■ Data under study
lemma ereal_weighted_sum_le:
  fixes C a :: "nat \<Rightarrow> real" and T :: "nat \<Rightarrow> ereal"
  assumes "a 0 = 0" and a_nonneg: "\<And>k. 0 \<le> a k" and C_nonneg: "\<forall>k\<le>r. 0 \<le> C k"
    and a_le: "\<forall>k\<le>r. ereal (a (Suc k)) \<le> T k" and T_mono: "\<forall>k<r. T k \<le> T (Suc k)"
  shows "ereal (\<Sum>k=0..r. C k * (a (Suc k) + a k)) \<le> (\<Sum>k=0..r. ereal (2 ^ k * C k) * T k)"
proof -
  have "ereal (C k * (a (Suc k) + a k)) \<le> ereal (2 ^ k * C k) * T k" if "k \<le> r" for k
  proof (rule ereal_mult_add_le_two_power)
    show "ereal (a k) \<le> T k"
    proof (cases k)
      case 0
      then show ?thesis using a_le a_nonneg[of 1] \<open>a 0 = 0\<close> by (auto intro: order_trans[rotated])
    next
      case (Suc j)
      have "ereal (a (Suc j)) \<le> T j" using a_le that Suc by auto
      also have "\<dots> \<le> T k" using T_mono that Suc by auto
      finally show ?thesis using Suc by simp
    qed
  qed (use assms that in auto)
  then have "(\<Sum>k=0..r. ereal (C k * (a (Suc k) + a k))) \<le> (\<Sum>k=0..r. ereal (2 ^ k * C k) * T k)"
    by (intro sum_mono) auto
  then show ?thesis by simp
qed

--

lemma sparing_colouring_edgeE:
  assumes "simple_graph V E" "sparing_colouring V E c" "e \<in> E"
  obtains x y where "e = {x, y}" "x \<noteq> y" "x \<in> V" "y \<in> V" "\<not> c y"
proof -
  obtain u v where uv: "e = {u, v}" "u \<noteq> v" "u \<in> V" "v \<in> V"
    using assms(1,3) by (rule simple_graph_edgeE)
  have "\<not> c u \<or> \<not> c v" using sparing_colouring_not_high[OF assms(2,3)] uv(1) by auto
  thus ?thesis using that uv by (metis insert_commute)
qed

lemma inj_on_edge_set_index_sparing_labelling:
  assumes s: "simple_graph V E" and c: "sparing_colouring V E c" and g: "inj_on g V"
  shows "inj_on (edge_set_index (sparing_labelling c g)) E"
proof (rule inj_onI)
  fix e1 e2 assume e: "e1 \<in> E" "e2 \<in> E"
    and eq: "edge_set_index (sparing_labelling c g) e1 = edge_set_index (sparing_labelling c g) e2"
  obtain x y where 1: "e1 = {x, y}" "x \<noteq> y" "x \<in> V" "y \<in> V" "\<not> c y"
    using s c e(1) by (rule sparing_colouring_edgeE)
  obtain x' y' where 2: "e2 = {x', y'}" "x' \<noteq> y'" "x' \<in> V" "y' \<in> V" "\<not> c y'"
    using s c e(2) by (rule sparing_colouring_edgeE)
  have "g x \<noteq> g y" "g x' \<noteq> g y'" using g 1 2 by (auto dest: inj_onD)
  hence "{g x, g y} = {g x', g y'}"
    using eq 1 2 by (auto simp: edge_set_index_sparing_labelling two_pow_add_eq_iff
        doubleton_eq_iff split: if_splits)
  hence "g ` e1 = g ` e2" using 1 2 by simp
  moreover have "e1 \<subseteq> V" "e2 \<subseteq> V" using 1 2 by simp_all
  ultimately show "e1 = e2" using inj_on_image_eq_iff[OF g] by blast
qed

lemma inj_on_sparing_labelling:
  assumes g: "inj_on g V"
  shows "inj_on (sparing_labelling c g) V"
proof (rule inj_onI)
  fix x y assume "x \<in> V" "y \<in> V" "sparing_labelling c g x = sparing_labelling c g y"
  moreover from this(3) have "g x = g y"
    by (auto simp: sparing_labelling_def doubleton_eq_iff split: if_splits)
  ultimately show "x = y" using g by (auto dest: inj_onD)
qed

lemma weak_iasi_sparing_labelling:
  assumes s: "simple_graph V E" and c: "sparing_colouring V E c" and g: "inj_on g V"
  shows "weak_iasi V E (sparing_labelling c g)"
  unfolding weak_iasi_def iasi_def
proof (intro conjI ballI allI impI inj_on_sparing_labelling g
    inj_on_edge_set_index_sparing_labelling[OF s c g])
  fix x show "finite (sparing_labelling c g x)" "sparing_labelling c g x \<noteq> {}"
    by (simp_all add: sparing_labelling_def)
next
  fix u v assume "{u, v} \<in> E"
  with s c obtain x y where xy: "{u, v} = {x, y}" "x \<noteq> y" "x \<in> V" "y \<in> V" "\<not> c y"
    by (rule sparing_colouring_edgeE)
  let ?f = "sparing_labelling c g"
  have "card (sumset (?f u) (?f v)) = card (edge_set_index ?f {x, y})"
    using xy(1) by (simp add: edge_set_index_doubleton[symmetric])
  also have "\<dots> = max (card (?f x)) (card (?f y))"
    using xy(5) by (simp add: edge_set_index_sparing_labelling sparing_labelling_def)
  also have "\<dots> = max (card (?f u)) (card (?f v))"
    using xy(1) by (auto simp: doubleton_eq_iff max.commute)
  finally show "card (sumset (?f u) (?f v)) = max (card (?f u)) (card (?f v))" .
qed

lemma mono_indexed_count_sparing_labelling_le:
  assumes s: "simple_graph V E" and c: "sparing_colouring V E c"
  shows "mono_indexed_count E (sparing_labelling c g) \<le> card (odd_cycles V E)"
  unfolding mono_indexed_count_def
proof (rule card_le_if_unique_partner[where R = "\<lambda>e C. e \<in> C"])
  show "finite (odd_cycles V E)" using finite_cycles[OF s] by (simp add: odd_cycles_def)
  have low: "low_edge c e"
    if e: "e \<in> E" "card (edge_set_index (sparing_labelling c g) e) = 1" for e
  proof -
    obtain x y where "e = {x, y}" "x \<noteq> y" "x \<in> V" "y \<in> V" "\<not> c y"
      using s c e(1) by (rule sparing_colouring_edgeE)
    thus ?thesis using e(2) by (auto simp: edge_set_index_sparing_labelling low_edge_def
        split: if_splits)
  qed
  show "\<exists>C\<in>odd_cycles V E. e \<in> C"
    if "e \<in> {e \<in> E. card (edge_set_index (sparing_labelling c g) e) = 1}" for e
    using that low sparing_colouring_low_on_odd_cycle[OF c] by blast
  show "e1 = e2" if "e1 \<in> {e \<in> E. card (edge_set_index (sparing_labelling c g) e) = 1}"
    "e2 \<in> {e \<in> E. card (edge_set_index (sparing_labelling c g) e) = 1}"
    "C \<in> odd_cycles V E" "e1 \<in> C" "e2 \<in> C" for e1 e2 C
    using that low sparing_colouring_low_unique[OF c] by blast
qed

■ Problem statement
Using only the listing above, restate exactly the lines from the line containing "(a (Suc k))" through the line containing "a_le that Suc by auto", both included.

■ Task answer
    and a_le: "\<forall>k\<le>r. ereal (a (Suc k)) \<le> T k" and T_mono: "\<forall>k<r. T k \<le> T (Suc k)"
  shows "ereal (\<Sum>k=0..r. C k * (a (Suc k) + a k)) \<le> (\<Sum>k=0..r. ereal (2 ^ k * C k) * T k)"
proof -
  have "ereal (C k * (a (Suc k) + a k)) \<le> ereal (2 ^ k * C k) * T k" if "k \<le> r" for k
  proof (rule ereal_mult_add_le_two_power)
    show "ereal (a k) \<le> T k"
    proof (cases k)
      case 0
      then show ?thesis using a_le a_nonneg[of 1] \<open>a 0 = 0\<close> by (auto intro: order_trans[rotated])
    next
      case (Suc j)
      have "ereal (a (Suc j)) \<le> T j" using a_le that Suc by auto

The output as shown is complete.